Like too many people, I have hair extending a bit above the shoulders. I look weird with short or long hair, it doesn't actually matter. I do like having it midway, and it's not as hard to take care of. I think shaved heads are cool, literally. Hair is a windshield, bald people must feel bad breeze over their heads. Nobody notices my hair though, usually it's just my face that bugs people. I have already seen people with backlength hair, but I don't think I've ever seen hair that reached the knee. Maybe I'd find a person like that in a convention, but it is fairly uncommon, and I highly doubt I'll see any guy like that in the next three years.


----------



## Commiecomrade (Feb 1, 2011)

Thanks for all the mostly insightful comments. I will be growing long hair. Haters gonna hate.




HyBroMcYenapants said:


> WASH THAT SHIT PLEASE
> 
> DONT ME A TYPICAL METALHEAD/FURRY


 
Don't worry, I wash regularly, unlike the typical furry.


----------



## foxmusk (Feb 1, 2011)

i have a power mullet. it's about halfway down my back.


----------



## Hateful Bitch (Feb 1, 2011)

short hair is on dooshes and long hair is on nice senstive guys who care about feelings short hair guys are just drunk and assholes!!!


----------



## greg-the-fox (Feb 1, 2011)

Teto said:


> short hair is on dooshes and long hair is on nice senstive guys who care about feelings short hair guys are just drunk and assholes!!!


 
uh, no.


----------



## Hateful Bitch (Feb 1, 2011)

greg-the-fox said:


> uh, no.


 ummm its pretty much how Iv seen it in my life! :// always the bad guys are withj short hair!!


----------



## cad (Feb 1, 2011)

HyBroMcYenapants said:


> WASH THAT SHIT PLEASE
> 
> DONT ME A TYPICAL METALHEAD/FURRY


Ew, there are people who don't?


----------



## Monster. (Feb 1, 2011)

B.P.R.D said:


> Ew, there are people who don't?


 
Of course; it's supposed to be SO FUCKING EDGY to not wash. :V


----------



## Oovie (Feb 1, 2011)

I've let mine get to between my shoulders, but I'm going for a cut this weekend to just above the collar for a more medium hairstyle. I like those types with an eye length fringe, covers the ears, longest at the back, and sometimes with a lot of layers. I want to get more active but truthfully hair at this length gets in the way too much, so causes a lot of annoying upkeep. At the length I want I remember it still looking long, but it was nowhere near as much hassle.

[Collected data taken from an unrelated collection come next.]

lemma lambda_delta_matA_bounds:
  assumes "0 < k" and "\<epsilon> \<le> real D / 4" and "12 * \<epsilon> \<le> \<delta> * real D"
    and deviation: "\<And>j l. j < k \<Longrightarrow> l < k \<Longrightarrow> overlap_deviation D X j l < \<epsilon>"
  shows "feasible D k (matA D X) \<delta> \<noteq> {} \<and>
         1 - \<delta> \<le> lambda_delta D k (matA D X) \<delta> \<and> lambda_delta D k (matA D X) \<delta> \<le> 1"
proof -
  let ?S = "subset_of D X"
  have card_near: "\<bar>real (card (?S l)) - real D / 2\<bar> < \<epsilon>" if "l < k" for l
    using deviation[OF that that] by (simp add: overlap_deviation_def)
  have Int_near: "\<bar>real (card (?S j \<inter> ?S l)) - real D / 4\<bar> < \<epsilon>" if "j < k" "l < k" "j \<noteq> l" for j l
    using deviation[OF that(1,2)] that(3) by (simp add: overlap_deviation_def)
  have large: "real D / 4 < card (?S l)" if "l < k" for l
    using card_near[OF that] assms(2) unfolding abs_less_iff by linarith
  have nonempty: "?S l \<noteq> {}" if "l < k" for l
    using large[OF that] by (intro notI) simp
  have "0 < real D" and "0 < \<delta> * real D"
    using card_near[OF \<open>0 < k\<close>] assms(2,3) unfolding abs_less_iff by linarith+
  then have "0 \<le> \<delta>"
    using zero_less_mult_pos2[of \<delta> "real D"] by simp
  have off_diagonal: "\<bar>2 * real (card (?S j \<inter> ?S l)) - card (?S l)\<bar> \<le> \<delta> * card (?S l)"
    if "j < k" "l < k" "j \<noteq> l" for j l
  proof -
    have "\<bar>2 * real (card (?S j \<inter> ?S l)) - card (?S l)\<bar> < 3 * \<epsilon>"
      using Int_near[OF that] card_near[OF that(2)] unfolding abs_less_iff by linarith
    also have "3 * \<epsilon> \<le> \<delta> * (real D / 4)"
      using assms(3) by simp
    also have "\<dots> \<le> \<delta> * card (?S l)"
      using large[OF that(2)] \<open>0 \<le> \<delta>\<close> by (intro mult_left_mono) auto
    finally show ?thesis by simp
  qed
  define B where "B j i = 2 * of_bool (i \<in> ?S j) - (1::real)" for j i
  have feasible: "B \<in> feasible D k (matA D X) \<delta>"
    unfolding B_def by (rule sign_matrix_feasible[OF \<open>0 \<le> \<delta>\<close> nonempty off_diagonal])
  have "maxnorm k D B \<le> 1"
    by (rule maxnorm_leI) (auto simp: B_def)
  moreover have "0 \<le> matA D X i 0" for i
    by (simp add: matA_def)
  moreover have "(\<Sum>i<D. matA D X i 0) = 1"
    using sum_mult_matA[of "\<lambda>_. 1" D X 0] nonempty[OF \<open>0 < k\<close>] by simp
  ultimately have "1 - \<delta> \<le> lambda_delta D k (matA D X) \<delta> \<and> lambda_delta D k (matA D X) \<delta> \<le> 1"
    using lambda_delta_bounds[OF \<open>0 < k\<close> _ _ feasible] by blast
  with feasible show ?thesis
    by blast
qed

lemma lambda_delta_matA_bounds_sqrt_ln:
  assumes "2 \<le> k" and "64 * ln (real k) \<le> real D" and "64 * sqrt (ln (real k) / real D) \<le> \<delta>"
    and "\<forall>j<k. \<forall>l<k. overlap_deviation D X j l < 2 * sqrt (real D * ln (real k))"
  shows "feasible D k (matA D X) \<delta> \<noteq> {} \<and>
         1 - \<delta> \<le> lambda_delta D k (matA D X) \<delta> \<and> lambda_delta D k (matA D X) \<delta> \<le> 1"
proof (rule lambda_delta_matA_bounds)
  let ?\<epsilon> = "2 * sqrt (real D * ln (real k))"
  have "0 < ln (real k)"
    using assms(1) by simp
  with assms(2) have "0 < real D"
    by linarith
  have "?\<epsilon>\<^sup>2 \<le> (real D / 4)\<^sup>2"
    using assms(2) \<open>0 < ln (real k)\<close> by (simp add: power_mult_distrib power2_eq_square)
  then show "?\<epsilon> \<le> real D / 4"
    by (rule power2_le_imp_le) (use \<open>0 < real D\<close> in simp)
  have "sqrt (ln (real k) / real D) * real D = ?\<epsilon> / 2"
    using \<open>0 < real D\<close> by (simp add: real_sqrt_divide real_sqrt_mult field_simps)
  moreover have "64 * sqrt (ln (real k) / real D) * real D \<le> \<delta> * real D"
    using assms(3) by (rule mult_right_mono) simp
  moreover have "0 \<le> ?\<epsilon>"
    using \<open>0 < ln (real k)\<close> by simp
  ultimately show "12 * ?\<epsilon> \<le> \<delta> * real D"
    by linarith
qed (use assms in auto)

lemma prob_overlap_deviation_lt_sqrt_ln:
  assumes "1 \<le> k" and "0 < D"
  shows "1 - 2 / real k \<le> measure_pmf.prob (rand_sets D k)
           {X. \<forall>j<k. \<forall>l<k. overlap_deviation D X j l < 2 * sqrt (real D * ln (real k))}"
proof -
  let ?\<epsilon> = "2 * sqrt (real D * ln (real k))"
  let ?bad = "{X. \<exists>j<k. \<exists>l<k. ?\<epsilon> \<le> overlap_deviation D X j l}"
  have "0 \<le> ln (real k)"
    using assms(1) by simp
  then have "-2 * ?\<epsilon>\<^sup>2 / real D = - ln (real k ^ 8)"
    using assms(2) by (simp add: power_mult_distrib ln_realpow)
  then have "exp (-2 * ?\<epsilon>\<^sup>2 / real D) = 1 / real k ^ 8"
    using assms(1) by (simp add: exp_minus')
  then have "measure_pmf.prob (rand_sets D k) ?bad \<le> 2 * real k ^ 2 * (1 / real k ^ 8)"
    using prob_overlap_deviation_ge_union[OF assms(2), of ?\<epsilon> k] \<open>0 \<le> ln (real k)\<close> by simp
  also have "\<dots> = 2 / real k ^ 6"
    using assms(1) by (simp add: field_simps)
  also have "\<dots> \<le> 2 / real k"
    using assms(1) by (intro divide_left_mono self_le_power) auto
  finally have "measure_pmf.prob (rand_sets D k) ?bad \<le> 2 / real k" .
  moreover have "{X. \<forall>j<k. \<forall>l<k. overlap_deviation D X j l < ?\<epsilon>} = UNIV - ?bad"
    by (auto simp: not_le dest: leD)
  ultimately show ?thesis
    using measure_pmf.prob_compl[of ?bad "rand_sets D k"] by simp
qed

Took probably a year and a half, if you've got straight hair though I bet it'd be awesome.


----------



## Nuriko (Feb 1, 2011)

Waist length hair?


You couldn't pay me enough to convince me to grow my hair out that long. D:


----------



## Mentova (Feb 1, 2011)

Gaz said:


> Of course; it's supposed to be SO FUCKING EDGY to not wash. :V


 I don't know how people can do that because if I don't wash my hair daily it feels all nasty.


----------



## greg-the-fox (Feb 1, 2011)

People with long hair, do you actually have to shampoo the entire length of it, or just at the scalp?


----------



## Mentova (Feb 1, 2011)

greg-the-fox said:


> People with long hair, do you actually have to shampoo the entire length of it, or just at the scalp?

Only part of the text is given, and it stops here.